What the exercise asks: Write out every line below that includes the word "lower".

Records supplied:
(* Let $M$ be an oriented Legendrian knot mosaic representing a Legendrian knot $\Lambda$. Let $U$ and $D$ be the numbers of upward- and downward-oriented cusps in the diagram depicted by $M$, let $N$ be the number of negative crossings, and let $|M|_{T_5}$ and $|M|_{T_6}$ be the numbers of tiles of $M$ equal to $T_5$ and $T_6$ respectively. If $U\ge D$, then $$2|\operatorname{rot}(\Lambda)|\le 2N+|M|_{T_5}+|M|_{T_6}.$$
   Context: Legendrian knots are taken in the standard contact structure on $\mathbb{R}^3$ and represented by front ($xz$-) projections, which have cusps in place of vertical tangencies and in which the strand of more negative slope is the overstrand at every crossing. For an oriented front diagram with $D$ downward-oriented cusps (cusps traversed moving downward) and $U$ upward-oriented cusps, $\operatorname{rot}=\frac12(D-U)$. Legendrian mosaic tiles: take a square tile whose four edge midpoints are potential connection points. The tiles are $T_0$ (empty); $T_1,T_2,T_3,T_4$ (a single arc joining the midpoints of two adjacent edges, one tile for each of the four pairs of adjacent edges); $T_5,T_6$ (a single straight segment joining the midpoints of two opposite edges, one for each pair); $T_7,T_8$ (two disjoint arcs, each joining midpoints of two adjacent edges, together using all four midpoints); $T_{10}$ (two segments joining opposite edges and crossing once). A Legendrian $n$-mosaic is an $n\times n$ array of these tiles, with the whole array rotated $45^\circ$ counterclockwise so that the strands form a front diagram: after rotation the arc of $T_2$, the arc of $T_4$ and both arcs of $T_8$ each contain a cusp, the arcs of $T_1,T_3,T_7$ contain no cusp, $T_5,T_6$ are straight segments of slope $\pm1$, and in $T_{10}$ the strand of negative slope passes over. The mosaic is suitably connected if connection points agree across every shared edge and no connection point lies on the outer boundary; it then depicts a Legendrian link front. An oriented Legendrian knot mosaic is a suitably connected Legendrian mosaic depicting a knot, together with an orientation of that knot. *)

theory Defs
  imports Complex_Main
begin

text \<open>Connection points of an (unrotated) tile: midpoints of the North, East,
South and West edges.  After rotating the whole mosaic 45 degrees
counterclockwise, the N point lies upper-left, E upper-right, S lower-right
and W lower-left.  Grid position (i,j): row i (row 0 on top), column j.\<close>

datatype edge = N | E | S | W

datatype tile = T0 | T1 | T2 | T3 | T4 | T5 | T6 | T7 | T8 | T10

text \<open>After rotation: arc N-W has a cusp at the left vertex, arc E-S a cusp at the
right vertex; arcs N-E and S-W are smooth (top/bottom); N-S has slope -1 and
E-W slope +1; in T10 the N-S (negative slope) strand is the overstrand.\<close>

fun arcs :: "tile \<Rightarrow> edge set set" where
  "arcs T0 = {}"
| "arcs T1 = {{N, E}}"
| "arcs T2 = {{N, W}}"
| "arcs T3 = {{S, W}}"
| "arcs T4 = {{E, S}}"
| "arcs T5 = {{N, S}}"
| "arcs T6 = {{E, W}}"
| "arcs T7 = {{N, E}, {S, W}}"
| "arcs T8 = {{N, W}, {E, S}}"
| "arcs T10 = {{N, S}, {E, W}}"

definition conn :: "tile \<Rightarrow> edge set" where
  "conn t = \<Union> (arcs t)"

fun opp :: "edge \<Rightarrow> edge" where
  "opp N = S" | "opp S = N" | "opp E = W" | "opp W = E"

fun nbr :: "nat \<times> nat \<Rightarrow> edge \<Rightarrow> nat \<times> nat" where
  "nbr (i, j) N = (i - 1, j)"
| "nbr (i, j) S = (i + 1, j)"
| "nbr (i, j) E = (i, j + 1)"
| "nbr (i, j) W = (i, j - 1)"

type_synonym mosaic = "nat \<times> nat \<Rightarrow> tile"

definition grid :: "nat \<Rightarrow> (nat \<times> nat) set" where
  "grid n = {(i, j). i < n \<and> j < n}"

definition suitably_connected :: "nat \<Rightarrow> mosaic \<Rightarrow> bool" where
  "suitably_connected n M \<longleftrightarrow>
    (\<forall>i<n. \<forall>j<n.
       (E \<in> conn (M (i, j)) \<longleftrightarrow> (j + 1 < n \<and> W \<in> conn (M (i, j + 1)))) \<and>
       (S \<in> conn (M (i, j)) \<longleftrightarrow> (i + 1 < n \<and> N \<in> conn (M (i + 1, j)))) \<and>
       (N \<in> conn (M (i, j)) \<longrightarrow> 0 < i) \<and>
       (W \<in> conn (M (i, j)) \<longrightarrow> 0 < j))"

definition arcs_of :: "nat \<Rightarrow> mosaic \<Rightarrow> ((nat \<times> nat) \<times> edge set) set" where
  "arcs_of n M = {(p, A). p \<in> grid n \<and> A \<in> arcs (M p)}"

text \<open>A traversal step: (tile position, entry point, exit point).\<close>
type_synonym step = "(nat \<times> nat) \<times> edge \<times> edge"

definition step_arc :: "step \<Rightarrow> (nat \<times> nat) \<times> edge set" where
  "step_arc st = (fst st, {fst (snd st), snd (snd st)})"

text \<open>Such a traversal exists iff the depicted link is a knot, and it records an
orientation of that knot.\<close>
definition oriented_knot_mosaic :: "nat \<Rightarrow> mosaic \<Rightarrow> step list \<Rightarrow> bool" where
  "oriented_knot_mosaic n M w \<longleftrightarrow>
    suitably_connected n M \<and> w \<noteq> [] \<and>
    bij_betw (\<lambda>k. step_arc (w ! k)) {..<length w} (arcs_of n M) \<and>
    (\<forall>k<length w.
       fst (w ! ((k + 1) mod length w)) = nbr (fst (w ! k)) (snd (snd (w ! k))) \<and>
       fst (snd (w ! ((k + 1) mod length w))) = opp (snd (snd (w ! k))))"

Answer area:
counterclockwise, the N point lies upper-left, E upper-right, S lower-right
and W lower-left.  Grid position (i,j): row i (row 0 on top), column j.\<close>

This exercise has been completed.